33 And, as I said in Beluga Shipping GmbH & Co KS "Beluga Fantastic" v Headway Shipping Ltd (No 2) (2008) 251 ALR 620 at 628 [33]:
… a finding that there was a prima facie case on one aspect of the claim against [the party to be served] has the consequence that he may be proceeded against on other bases as well. That is because it is only necessary that a prima facie case be established for any one of the causes of action relied on for the relief sought: Bray [v F Hoffman-La Roche Ltd (2003) 130 FCR 317] at [47]-[55] per Carr J, [176]-[191] per Branson J; Ho [(2006) 24 ACLC 1526] at [45]-[46].
34 Of course, I cannot make, and am not making in these reasons, findings of fact that are in any way determinative of the ultimate issues in these proceedings. Nor is it the purpose of the rule that that be done. That purpose is, as Lee J identified in Century Insurance Ltd [1996] FCA 376, that the Court be satisfied that a controversy exists between the parties that warrants the use of its processes to resolve that controversy so as to justify the exercise of the long-arm jurisdiction that r 10.43 authorises, in order to expose a foreigner to this country's jurisdiction.

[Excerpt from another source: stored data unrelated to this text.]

theorem lemma4p2:
  fixes g j :: nat
  assumes "odd g" and "g > 0" and "j \<le> (g - 1) div 2"
  shows "\<exists>c::rat. c > 0 \<and>
    congJ g (beta_minus ^ (j + (g - 1) div 2) * beta_plus ^ (g - 1) * zeta (g - 2 * j - 1))
            (cst (of_rat c) * gamma ^ (g - 1))"
proof -
  define h where "h = (g - 1) div 2"
  define n where "n = g - 2 * j - 1"
  have g: "g - 1 = 2 * h"
    using assms(1) by (auto simp: h_def elim: oddE)
  have n: "n = 2 * (h - j)"
    using assms(3) g by (simp add: n_def h_def)
  obtain c where c: "0 < c" "congJ g (E g (g - 1) n) (cst (of_rat c) * gamma ^ (g - 1))"
    using E_congruent[of "g - 1" g n] assms(1) g n by auto
  have "n div 2 = h - j" "(n + 1) div 2 = h - j"
    using n by simp_all
  then have "weight (g - 1) n = beta_minus ^ (h + j) * beta_plus ^ (h + j)"
    using assms(3) g by (simp add: weight_def h_def[symmetric])
  moreover have "j + (g - 1) div 2 = h + j" "g - 1 = (h - j) + (h + j)"
    using assms(3) g by (simp_all add: h_def)
  ultimately have "beta_minus ^ (j + (g - 1) div 2) * beta_plus ^ (g - 1) * zeta (g - 2 * j - 1)
      = beta_plus ^ (h - j) * E g (g - 1) n"
    unfolding E_def n_def[symmetric] by (simp add: power_add algebra_simps)
  moreover have "cst (of_rat (16 ^ (h - j) * c)) = cst (16 ^ (h - j) * of_rat c)"
    by (simp add: of_rat_mult of_rat_power)
  ultimately show ?thesis
    using congJ_gamma_beta_plus_power[OF c(2), of "h - j"] c(1)
    by (intro exI[of _ "16 ^ (h - j) * c"]) simp
qed

end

17 As there, in these reasons I am not making any findings of fact that are in any way determinative of the ultimate issues in the proceedings. I am merely identifying that a controversy exists between Mr Vautin and Bertram that warrants the use of the Court's processes to resolve it, so as to justify the use of the long-arm jurisdiction of the Court under r 10.43 to serve Bertram in the United States.
18 The proceedings appear to fall within the following items in r 10.42, namely proceedings under:
item 1: based on a cause of action arising in Australia, namely, the breach in Australia of the statutory guarantee in s 54 of the ACL constituted by the supply of goods, being the yacht, to Mr Vautin;
item 12: based on a contravention of an Act, namely, the non-compliance with the statutory guarantee in s 54(1) committed in Australia, being that supply;
item 13: based on a contravention of a law, wherever occurring, seeking relief in relation to damage suffered wholly or partly in Australia, namely, the loss or damage that Mr Vautin claims, having purchased the yacht here and it being defective; and
item 15: based on the relief under the ACL that Mr Vautin seeks.